#### Problem to solve
Answer with nothing but the number of lines in the listing below that contain "auto".

#### Provided information
(* Let $\mathcal{H}_O\simeq\mathbb{C}^{d_O}$ and $\mathcal{H}_R\simeq\mathbb{C}^{d_R}$. Let $H_R=\sum_{m=1}^{d_R}\lambda_m^{\uparrow}|\xi_m\rangle\langle\xi_m|$ with $\lambda_1^\uparrow\leqslant\dots\leqslant\lambda_{d_R}^\uparrow$ and $\{|\xi_m\rangle\}$ an orthonormal basis of $\mathcal{H}_R$; let $\beta\in(0,\infty)$ and $\rho_R(\beta)=e^{-\beta H_R}/\mathrm{tr}[e^{-\beta H_R}]=\sum_m r_m^{\downarrow}|\xi_m\rangle\langle\xi_m|$. Let $\rho_O=\sum_{l=1}^{d_O}o_l^{\downarrow}|\varphi_l\rangle\langle\varphi_l|$ be a density operator on $\mathcal{H}_O$ with $o_1^\downarrow\geqslant\dots\geqslant o_{d_O}^\downarrow$ and $\{|\varphi_l\rangle\}$ an orthonormal basis. Write $\rho=\rho_O\otimes\rho_R(\beta)=\sum_{n=1}^{d_Od_R}p_n^{\downarrow}|\psi_n\rangle\langle\psi_n|$, where $(p_n^\downarrow)_n$ is the non-increasing rearrangement of $(o_l^\downarrow r_m^\downarrow)_{l,m}$ and $(|\psi_n\rangle)_n$ the correspondingly rearranged family $(|\varphi_l\rangle\otimes|\xi_m\rangle)_{l,m}$. For a unitary $U$ on $\mathcal{H}_O\otimes\mathcal{H}_R$ define the heat $\Delta Q(U)=\mathrm{tr}[H_R(\mathrm{tr}_O[U\rho U^\dagger]-\rho_R(\beta))]$. Suppose $U_{\mathrm{maj}}^f$ is a unitary such that, for every $m\in\{1,\dots,d_R\}$, there is an orthonormal basis $\{|\varphi_l^m\rangle\}_{l=1}^{d_O}$ of $\mathcal{H}_O$ with $$U_{\mathrm{maj}}^f|\psi_{(m-1)d_O+l}\rangle=|\varphi_l^m\rangle\otimes|\xi_m\rangle\quad\text{for all } l\in\{1,\dots,d_O\}.$$ Then $\Delta Q(U_{\mathrm{maj}}^f)\leqslant\Delta Q(U)$ for every unitary $U$ on $\mathcal{H}_O\otimes\mathcal{H}_R$.
   Context: $\mathrm{tr}_O$ denotes the partial trace over $\mathcal{H}_O$. *)

theory Defs
  imports Complex_Main "Jordan_Normal_Form.Matrix"
begin

text \<open>Indices are 0-based. Composite index convention:
  the basis vector e_i (x) e_j of C^a (x) C^b has index i * b + j (Kronecker).\<close>

definition cinner :: "complex vec \<Rightarrow> complex vec \<Rightarrow> complex" where
  "cinner u v = (\<Sum>i<dim_vec u. cnj (u $ i) * v $ i)"

definition orthonormal_basis :: "nat \<Rightarrow> (nat \<Rightarrow> complex vec) \<Rightarrow> bool" where
  "orthonormal_basis d f \<longleftrightarrow>
     (\<forall>i<d. f i \<in> carrier_vec d) \<and>
     (\<forall>i<d. \<forall>j<d. cinner (f i) (f j) = (if i = j then 1 else 0))"

definition ket_bra :: "complex vec \<Rightarrow> complex vec \<Rightarrow> complex mat" where
  "ket_bra u v = mat (dim_vec u) (dim_vec v) (\<lambda>(i,j). u $ i * cnj (v $ j))"

definition adj :: "complex mat \<Rightarrow> complex mat" where
  "adj M = mat (dim_col M) (dim_row M) (\<lambda>(i,j). cnj (M $$ (j,i)))"

definition unitary_mat :: "nat \<Rightarrow> complex mat \<Rightarrow> bool" where
  "unitary_mat d U \<longleftrightarrow> U \<in> carrier_mat d d \<and> adj U * U = 1\<^sub>m d \<and> U * adj U = 1\<^sub>m d"

definition tensor_vec :: "complex vec \<Rightarrow> complex vec \<Rightarrow> complex vec" where
  "tensor_vec a b = vec (dim_vec a * dim_vec b)
     (\<lambda>k. a $ (k div dim_vec b) * b $ (k mod dim_vec b))"

definition tensor_mat :: "complex mat \<Rightarrow> complex mat \<Rightarrow> complex mat" where
  "tensor_mat A B = mat (dim_row A * dim_row B) (dim_col A * dim_col B)
     (\<lambda>(i,j). A $$ (i div dim_row B, j div dim_col B) * B $$ (i mod dim_row B, j mod dim_col B))"

definition ptrace_O :: "nat \<Rightarrow> nat \<Rightarrow> complex mat \<Rightarrow> complex mat" where
  "ptrace_O dO dR M = mat dR dR (\<lambda>(i,j). \<Sum>k<dO. M $$ (k * dR + i, k * dR + j))"
lemma Phi_noise_le_dictator:
  fixes \<alpha> \<rho> K :: real
  assumes "1 < \<alpha>" "0 \<le> \<rho>" "\<rho> \<le> 1" "0 \<le> K"
    and "\<forall>x\<in>cube n. f x \<in> {0, 1}" "cube_exp n f = 1 / 2"
    and majorant: "\<And>t s. t \<in> {(1 + \<rho>) / 2, (1 - \<rho>) / 2} \<Longrightarrow> 0 \<le> s \<Longrightarrow> s \<le> 1 \<Longrightarrow>
      s powr \<alpha> \<le> t powr \<alpha> + \<alpha> * t powr (\<alpha> - 1) * (s - t) + K * (s - t)\<^sup>2"
    and slope: "K * \<rho> \<le> \<alpha> * (((1 + \<rho>) / 2) powr (\<alpha> - 1) - ((1 - \<rho>) / 2) powr (\<alpha> - 1))"
  shows "cube_exp n (\<lambda>x. Phi \<alpha> (noise_op n \<rho> f x))
    \<le> 1/2 * Phi \<alpha> ((1 + \<rho>) / 2) + 1/2 * Phi \<alpha> ((1 - \<rho>) / 2)"
proof (rule cube_exp_noise_le_dictator[where d = "\<lambda>t. (\<alpha> * t powr (\<alpha> - 1) - 1) / (\<alpha> - 1)"
      and c = "K / (\<alpha> - 1)"])
  fix t s :: real assume t: "t \<in> {(1 + \<rho>) / 2, (1 - \<rho>) / 2}" and s: "0 \<le> s" "s \<le> 1"
  have "0 \<le> t"
    using t assms by auto
  have "(s powr \<alpha> - s) / (\<alpha> - 1)
      \<le> (t powr \<alpha> + \<alpha> * t powr (\<alpha> - 1) * (s - t) + K * (s - t)\<^sup>2 - s) / (\<alpha> - 1)"
    using majorant[OF t s] assms by (intro divide_right_mono) auto
  also have "\<dots> = ((t powr \<alpha> - t) + (\<alpha> * t powr (\<alpha> - 1) - 1) * (s - t) + K * (s - t)\<^sup>2) / (\<alpha> - 1)"
    by (simp add: algebra_simps)
  also have "\<dots> = (t powr \<alpha> - t) / (\<alpha> - 1) + (\<alpha> * t powr (\<alpha> - 1) - 1) / (\<alpha> - 1) * (s - t)
      + K / (\<alpha> - 1) * (s - t)\<^sup>2"
    by (simp add: add_divide_distrib)
  finally show "Phi \<alpha> s \<le> Phi \<alpha> t + (\<alpha> * t powr (\<alpha> - 1) - 1) / (\<alpha> - 1) * (s - t)
      + K / (\<alpha> - 1) * (s - t)\<^sup>2"
    unfolding Phi_eq[OF s(1)] Phi_eq[OF \<open>0 \<le> t\<close>] .
next
  show "K / (\<alpha> - 1) * \<rho> \<le> (\<alpha> * ((1 + \<rho>) / 2) powr (\<alpha> - 1) - 1) / (\<alpha> - 1)
      - (\<alpha> * ((1 - \<rho>) / 2) powr (\<alpha> - 1) - 1) / (\<alpha> - 1)"
  proof -
    have "K / (\<alpha> - 1) * \<rho> \<le> \<alpha> * (((1 + \<rho>) / 2) powr (\<alpha> - 1) - ((1 - \<rho>) / 2) powr (\<alpha> - 1)) / (\<alpha> - 1)"
      using divide_right_mono[OF slope, of "\<alpha> - 1"] assms by simp
    then show ?thesis
      by (simp add: diff_divide_distrib[symmetric] algebra_simps)
  qed
qed (use assms in auto)
(* Let $G$ be connected with weights $w:E\to\mathbb{R}_{>0}$ such that for every pair of vertices $a,b$ there is exactly one shortest $a$–$b$ path in $(G,w)$. Let $\pi$ be a vertex order, let $m_C$ be the output of the basic customization applied to $m_0$, and let $m_P$ be the perfect metric. Let $R$ be the set of edges $\{x,y\}$ of $G_\pi^*$ with $m_P(\{x,y\})\neq m_C(\{x,y\})$. Then (i) for all $s,t\in V$ there is an up-down $s$–$t$ path in $G_\pi^*$ that uses no edge of $R$ and whose $m_C$-length equals $\mathrm{dist}_I(s,t)$; and (ii) for every edge $\{x,y\}\notin R$ of $G_\pi^*$, the one-edge path $x,y$ is the only up-down $x$–$y$ path in $G_\pi^*$ whose $m_C$-length equals $\mathrm{dist}_I(x,y)$.
   Context: Let $G=(V,E)$ be a finite simple undirected graph with $n=|V|$ vertices. A vertex order is a bijection $\pi:\{1,\dots,n\}\to V$; the rank of $v$ is $\pi^{-1}(v)$. Contracting a vertex $v$ in a graph means deleting $v$ and its incident edges and adding an edge between every pair of former neighbors of $v$ that are not already adjacent. The core graph $G_{\pi,i}$ is obtained from $G$ by contracting $\pi(1),\dots,\pi(i-1)$ in this order. $G_\pi^*$ is the graph on $V$ whose edge set is the union of the edge sets of all $G_{\pi,i}$, $i=1,\dots,n$ (i.e. $G$ together with all edges inserted during the contractions). Let $w:E\to\mathbb{R}_{>0}$ and let $\mathrm{dist}_I(s,t)$ be the shortest $s$–$t$ path length in $(G,w)$. A metric is a map $m$ assigning to every edge of $G_\pi^*$ a value in $\mathbb{R}_{>0}\cup\{\infty\}$; the $m$-length of a path in $G_\pi^*$ is the sum of $m$ over its edges. An up-down path is a path $v_0,\dots,v_k$ in $G_\pi^*$ for which there is $j$ with the ranks strictly increasing along $v_0,\dots,v_j$ and strictly decreasing along $v_j,\dots,v_k$. The perfect metric is $m_P(\{x,y\})=\mathrm{dist}_I(x,y)$ for every edge $\{x,y\}$ of $G_\pi^*$. The initial metric $m_0$ is $m_0(\{x,y\})=w(\{x,y\})$ if $\{x,y\}\in E$ and $\infty$ otherwise. The basic customization starts from $m:=m_0$ and processes the edges $\{x,y\}$ of $G_\pi^*$ in nondecreasing order of the rank of the lower-ranked endpoint (ties arbitrary); when processing $\{x,y\}$ it sets, for every vertex $z$ of rank smaller than both $x$ and $y$ that is adjacent to both in $G_\pi^*$, $m(\{x,y\}):=\min\{m(\{x,y\}),m(\{x,z\})+m(\{z,y\})\}$ using the current values. Its output is the final metric $m_C$. *)

theory Defs
  imports Main "HOL-Library.Extended_Real"
begin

#### Exercise response
3